In a regular radix tree each edge is assigned with some symbol. As for root nodes, they store some service(user) information. Thus, any route from a tree root to one of its leaves defines precisely only one string. This string is considered to be stored in the specified tree. For instance, a trie stores the following set of strings: {abab\$, aba\$, bc\$, b\$, bac\$, baca\$} (see the picture below). The root is on the left, leaves (their number coincides with the number of strings) are on the right. The root of baca\$ string is highlighted in red. A cautious reader will notice that this way a trie represents a regular deterministic finite-state machine, the states of which corresponds to leaves of a trie. Trie implementation in libdatrie library is based exactly on this concept. The automaton is represented with the help of arrays.

To make an automaton smaller, represent a trie in a partially compressed form. Such form means that all “tails” of the tree (areas with no branches) are packed in strings (see the picture A below). We can also compress in a similar way all the chains with no branches (picture B). In this case the tree will no longer be a finite-state automaton, or rather it will still be an automaton, but for an alphabet of strings, not symbols. Working with a tree like with an automaton relies on the fact that the alphabet size is finite and we can define its serial number by any symbol in the alphabet in O(1) of time (the same will not work for strings). Thus, its implementation with the help of arrays becomes problematic. But when implementing with the help of pointers, there should be no problems with strings storage. ## Representing a Trie Using Pointers

Let’s see how we can use pointers to represent trie edges. First of all, we should realize that in this case, it will be really uncomfortable to store information in trie edges. Therefore, we should relocate symbol chains from edges to root nodes. Use an obvious feature of oriented trees: just one edge enters any node, except for the root one.

We are going to get the following structure: There’s another problem, as an outdegree of a tree node can be random (even of the current alphabet size). To solve this problem, let’s apply a standard method: store a list of children nodes in each node. The list will be singly linked, so we will store only a head (older sister) in a node. This will allow us to reject an empty root. Now, a trie will be represented with a pointer to the list head of children nodes of the old root (i.e. we replace a tree with a forest). Thus, each node will store precisely two pointers: link – to the oldest node, next –to its younger sister. The following picture shows the process of such transformation; blue arrows correspond to link pointers, red arrows – to next pointers.

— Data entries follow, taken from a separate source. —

definition non_convergent :: "nat \<Rightarrow> (nat \<Rightarrow> real) \<Rightarrow> bool" where
  "non_convergent m x \<longleftrightarrow> (\<exists>i<m. \<exists>j<m. x i \<noteq> x j)"

definition mult_at :: "nat \<Rightarrow> (nat \<Rightarrow> real) \<Rightarrow> real \<Rightarrow> nat" where
  "mult_at m x p = card {i. i < m \<and> x i = p}"

end

theory Submission
  imports Defs
begin

text \<open>
  A candidate's score is the length of the set of voters ranking her position strictly first,
  minus c times the length of the set ranking it strictly last, shared equally among the N
  candidates at that position. For a position p strictly inside the profile, with neighbouring
  positions a < p < b, this is (b - a) / (2N); if N \<ge> 2, a member of the cohort who moves alone
  into (a, p) or (p, b) obtains (p - a) / 2 or (b - p) / 2, and adding both bounds gives N \<le> 2.
  At the leftmost position a lone candidate strictly gains by moving towards her neighbour, so
  N \<ge> 2 there. If N \<ge> 3 and the score there is S / N, moving alone right into the gap yields
  half the gap and moving alone slightly to the left yields almost all the remaining first
  places; together these deviations are worth almost S, yet each is at most S / N \<le> S / 3.
  The rightmost position follows by the reflection y \<mapsto> 1 - y, and two extreme cohorts of
  size two need m \<ge> 4.
\<close>

lemma set_integral_step_function:
  fixes f :: "real \<Rightarrow> real"
  assumes inside: "\<And>y. y \<in> {0..1} \<Longrightarrow> u < y \<Longrightarrow> y < v \<Longrightarrow> f y = K"
    and outside: "\<And>y. y \<in> {0..1} \<Longrightarrow> y < u \<or> v < y \<Longrightarrow> f y = 0"
  shows "set_integrable lborel {0..1} f"
    and "(LINT y:{0..1}|lborel. f y) = K * measure lborel ({u<..<v} \<inter> {0..1})"
proof -
  let ?I = "{u<..<v} \<inter> {0..1::real}" and ?U = "{u} \<inter> {0..1::real}"
    and ?V = "({v} - {u}) \<inter> {0..1::real}"
  \<comment> \<open>Exact pointwise decomposition, so no measurability of f is needed.\<close>
  have split: "indicator {0..1} y *\<^sub>R f y
      = K * indicator ?I y + f u * indicator ?U y + f v * indicator ?V y" for y
    using inside outside
    by (cases "y \<in> {0..1}"; cases "y = u"; cases "y = v"; auto simp: indicator_def)
  have finite: "emeasure lborel S < \<infinity>" if "S \<subseteq> {0..1}" for S :: "real set"
    using emeasure_mono[OF that, of lborel] by (simp add: order_le_less_trans[of _ 1])
  have "integrable lborel (indicator S :: real \<Rightarrow> real)"
    if "S \<in> sets lborel" "S \<subseteq> {0..1}" for S
    using that finite by (intro integrable_real_indicator) auto
  then have int: "integrable lborel (indicator ?I :: real \<Rightarrow> real)"
      "integrable lborel (indicator ?U :: real \<Rightarrow> real)"
      "integrable lborel (indicator ?V :: real \<Rightarrow> real)"
    by auto
  have "measure lborel S = 0" if "S \<subseteq> {w}" for S and w :: real
    using that by (auto simp: subset_singleton_iff)
  then have null: "measure lborel ?U = 0" "measure lborel ?V = 0"
    by (metis Int_lower1, metis Int_lower1 Diff_subset order_trans)
  show "set_integrable lborel {0..1} f"
    unfolding set_integrable_def split using int by simp
  show "(LINT y:{0..1}|lborel. f y) = K * measure lborel ?I"
    unfolding set_lebesgue_integral_def split using int null by simp
qed
lemma Dn_ge_cond_mean:
  fixes Pi :: "(nat \<Rightarrow> real) measure" and X :: "nat \<Rightarrow> nat \<Rightarrow> real" and b0 :: "nat \<Rightarrow> real"
  assumes Pi: "finite_measure Pi" "sets Pi = sets (PiM A (\<lambda>_. lborel))"
    and B: "B = {b \<in> space Pi. l2norm p (\<lambda>j. ext_coef A b j - b0 j) \<le> sqrt e2}" "measure Pi B > 0"
    and X: "op_norm n p X \<le> K * sqrt (real n)" and e2: "e2 \<ge> 0" and \<sigma>: "\<sigma> > 0"
  defines "v \<equiv> \<lambda>i. cond_mean Pi B (\<lambda>b. matvec p X (\<lambda>j. ext_coef A b j - b0 j) i)"
  shows "(\<Sum>i<n. (v i)\<^sup>2) \<le> K\<^sup>2 * real n * e2"
    and "measure Pi B * exp ((\<Sum>i<n. (y i - matvec p X b0 i) * v i) / \<sigma>\<^sup>2 - K\<^sup>2 * real n * e2 / (2 * \<sigma>\<^sup>2))
         \<le> Dn n p X \<sigma> b0 Pi A y"
proof -
  interpret finite_measure Pi by (rule Pi(1))
  define r where "r = (\<lambda>i b. matvec p X (\<lambda>j. ext_coef A b j - b0 j) i)"
  have Bsets: "B \<in> sets Pi"
    using B(2) measure_notin_sets by fastforce
  have r: "r i \<in> borel_measurable Pi" for i
  proof -
    have [measurable]: "(\<lambda>b. ext_coef A b j) \<in> borel_measurable Pi" for j
      using borel_measurable_ext_coef by (subst measurable_cong_sets[OF Pi(2) refl])
    show ?thesis unfolding r_def matvec_def by measurable
  qed
  have R: "(\<Sum>i<n. (r i b)\<^sup>2) \<le> K\<^sup>2 * real n * e2" if "b \<in> B" for b
    unfolding r_def using that B(1) X e2 by (intro sum_square_matvec_le) auto
  have v: "v = (\<lambda>i. cond_mean Pi B (r i))" unfolding v_def r_def ..
  show "(\<Sum>i<n. (v i)\<^sup>2) \<le> K\<^sup>2 * real n * e2"
    unfolding v using Bsets B(2) r R by (rule sum_cond_mean_square_le)
  have Dn_eq: "Dn n p X \<sigma> b0 Pi A y
      = (\<integral>b. exp (\<Sum>i<n. (2 * (y i - matvec p X b0 i) * r i b - (r i b)\<^sup>2) / (2 * \<sigma>\<^sup>2)) \<partial>Pi)"
    unfolding Dn_def r_def lik_ratio[OF \<sigma>] ..
  show "measure Pi B * exp ((\<Sum>i<n. (y i - matvec p X b0 i) * v i) / \<sigma>\<^sup>2 - K\<^sup>2 * real n * e2 / (2 * \<sigma>\<^sup>2))
         \<le> Dn n p X \<sigma> b0 Pi A y"
    unfolding v Dn_eq by (rule measure_mult_exp_le_integral_exp_tilt[OF Bsets B(2) r R \<sigma>])
qed

lemma Dn_lower_bound_on_event:
  fixes Pi :: "(nat \<Rightarrow> real) measure" and X :: "nat \<Rightarrow> nat \<Rightarrow> real" and b0 :: "nat \<Rightarrow> real"
  assumes Pi: "finite_measure Pi" "sets Pi = sets (PiM A (\<lambda>_. lborel))"
    and conc: "measure Pi {b \<in> space Pi. l2norm p (\<lambda>j. ext_coef A b j - b0 j) \<le> sqrt e2}
                 \<ge> exp (- C1 * real n * e2)"
    and X: "op_norm n p X \<le> K * sqrt (real n)" and N: "real n * e2 > 0"
    and \<sigma>: "\<sigma> > 0" and \<delta>: "\<delta> > 0"
  shows "\<exists>\<Omega> \<in> sets (data_law n p X \<sigma> b0).
           measure (data_law n p X \<sigma> b0) (space (data_law n p X \<sigma> b0) - \<Omega>)
             \<le> K\<^sup>2 / (\<delta>\<^sup>2 * \<sigma>\<^sup>2) / (real n * e2)
         \<and> (\<forall>y \<in> \<Omega>. exp (- (C1 + K\<^sup>2 / (2 * \<sigma>\<^sup>2) + \<delta>) * real n * e2) \<le> Dn n p X \<sigma> b0 Pi A y)"
proof -
  define B where "B = {b \<in> space Pi. l2norm p (\<lambda>j. ext_coef A b j - b0 j) \<le> sqrt e2}"
  define v where "v i = cond_mean Pi B (\<lambda>b. matvec p X (\<lambda>j. ext_coef A b j - b0 j) i)" for i
  define \<mu> where "\<mu> = matvec p X b0"
  define S where "S y = (\<Sum>i<n. (y i - \<mu> i) * v i)" for y
  define t where "t = \<delta> * \<sigma>\<^sup>2 * (real n * e2)"
  define \<Omega> where "\<Omega> = {y \<in> space (data_law n p X \<sigma> b0). - t < S y}"
  have e2: "e2 \<ge> 0" using N by (simp add: zero_less_mult_iff)
  have t: "t > 0" unfolding t_def using N \<sigma> \<delta> by simp
  have PB: "measure Pi B > 0" using conc unfolding B_def by (meson exp_gt_zero less_le_trans)
  note bounds = Dn_ge_cond_mean[OF Pi B_def PB X e2 \<sigma>, folded v_def]
  have law: "data_law n p X \<sigma> b0 = PiM {..<n} (\<lambda>i. density lborel (normal_density (\<mu> i) \<sigma>))"
    unfolding data_law_def \<mu>_def ..
  show ?thesis
  proof (intro bexI conjI ballI)
    have "sets (data_law n p X \<sigma> b0) = sets (PiM {..<n} (\<lambda>_. lborel))"
      unfolding law by (intro sets_PiM_cong) auto
    then have "S \<in> borel_measurable (data_law n p X \<sigma> b0)"
      unfolding S_def by (subst measurable_cong_sets[OF _ refl]) measurable
    then show "\<Omega> \<in> sets (data_law n p X \<sigma> b0)" unfolding \<Omega>_def by measurable
    have "space (data_law n p X \<sigma> b0) - \<Omega> = {y \<in> space (data_law n p X \<sigma> b0). S y \<le> - t}"
      unfolding \<Omega>_def by auto
    then have "measure (data_law n p X \<sigma> b0) (space (data_law n p X \<sigma> b0) - \<Omega>)
        \<le> \<sigma>\<^sup>2 * (\<Sum>i<n. (v i)\<^sup>2) / t\<^sup>2"
      unfolding law S_def by (simp add: PiM_normal_linear_form_lower_tail[OF \<sigma> t])
    also have "\<dots> \<le> \<sigma>\<^sup>2 * (K\<^sup>2 * real n * e2) / t\<^sup>2"
      using bounds(1) by (intro divide_right_mono mult_left_mono) auto
    also have "\<dots> = K\<^sup>2 / (\<delta>\<^sup>2 * \<sigma>\<^sup>2) / (real n * e2)"
      unfolding t_def using \<sigma> \<delta> N by (simp add: field_simps power2_eq_square)
    finally show "measure (data_law n p X \<sigma> b0) (space (data_law n p X \<sigma> b0) - \<Omega>)
        \<le> K\<^sup>2 / (\<delta>\<^sup>2 * \<sigma>\<^sup>2) / (real n * e2)" .
  next
    fix y assume "y \<in> \<Omega>"
    then have "- (\<delta> * (real n * e2)) \<le> S y / \<sigma>\<^sup>2"
      unfolding \<Omega>_def t_def using \<sigma> by (simp add: field_simps)
    then have "exp (- (C1 + K\<^sup>2 / (2 * \<sigma>\<^sup>2) + \<delta>) * real n * e2)
        \<le> exp (- C1 * real n * e2) * exp (S y / \<sigma>\<^sup>2 - K\<^sup>2 * real n * e2 / (2 * \<sigma>\<^sup>2))"
      by (simp add: exp_add[symmetric] algebra_simps)
    also have "\<dots> \<le> measure Pi B * exp (S y / \<sigma>\<^sup>2 - K\<^sup>2 * real n * e2 / (2 * \<sigma>\<^sup>2))"
      using conc unfolding B_def by (intro mult_right_mono) auto
    also have "\<dots> \<le> Dn n p X \<sigma> b0 Pi A y"
      using bounds(2) unfolding S_def \<mu>_def .
    finally show "exp (- (C1 + K\<^sup>2 / (2 * \<sigma>\<^sup>2) + \<delta>) * real n * e2) \<le> Dn n p X \<sigma> b0 Pi A y" .
  qed
qed

lemma uniform_high_probability_events:
  fixes D :: "nat \<Rightarrow> 'a measure" and \<A> :: "nat \<Rightarrow> 'b set" and bound :: "nat \<Rightarrow> real"
  assumes good: "eventually good sequentially" and bound: "bound \<longlonglongrightarrow> 0"
    and events: "\<And>n A. good n \<Longrightarrow> A \<in> \<A> n \<Longrightarrow>
      \<exists>\<omega> \<in> sets (D n). measure (D n) (space (D n) - \<omega>) \<le> bound n \<and> (\<forall>y \<in> \<omega>. P n A y)"
  shows "\<exists>\<Omega>. (\<forall>n A. \<Omega> n A \<in> sets (D n))
    \<and> (\<forall>e>0. \<forall>\<^sub>F n in sequentially. \<forall>A \<in> \<A> n. measure (D n) (space (D n) - \<Omega> n A) \<le> e)
    \<and> (\<forall>n. \<forall>A \<in> \<A> n. \<forall>y \<in> \<Omega> n A. P n A y)"
proof -
  have "\<exists>\<omega> \<in> sets (D n). (good n \<and> A \<in> \<A> n \<longrightarrow> measure (D n) (space (D n) - \<omega>) \<le> bound n)
           \<and> (\<forall>y \<in> \<omega>. P n A y)" for n A
    using events[of n A] by (cases "good n \<and> A \<in> \<A> n") (auto intro: bexI[of _ "{}"])
  then obtain \<Omega> where \<Omega>: "\<And>n A. \<Omega> n A \<in> sets (D n)"
      "\<And>n A. good n \<Longrightarrow> A \<in> \<A> n \<Longrightarrow> measure (D n) (space (D n) - \<Omega> n A) \<le> bound n"
      "\<And>n A y. y \<in> \<Omega> n A \<Longrightarrow> P n A y"
    by metis
  have "\<forall>\<^sub>F n in sequentially. \<forall>A \<in> \<A> n. measure (D n) (space (D n) - \<Omega> n A) \<le> e" if "e > 0" for e
    using good order_tendstoD(2)[OF bound that]
    by eventually_elim (auto intro: order_trans[OF \<Omega>(2)])
  then show ?thesis using \<Omega>(1,3) by blast
qed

In order to understand the principle of working with a tree, you should keep in mind the scheme that is presented in the picture on the left. Meanwhile, the actual representation of a tree will be like in the picture on the right.

So, we have moved on from the tree with a variable outdegree (a regular tree) to the binary tree, in which link and next are pointers to the right and left subtrees, like in the picture below: Now we can get down to implementation. A tree node is a chain of key symbols, its len length and link and next pointers. The chain is not required to end with a terminal symbol, so we should know its length. There’s also a minimal constructor that creates a trivial tree consisting of one node with a given key (to copy symbols, use a standard strncpy function) and an even more minimal destructor.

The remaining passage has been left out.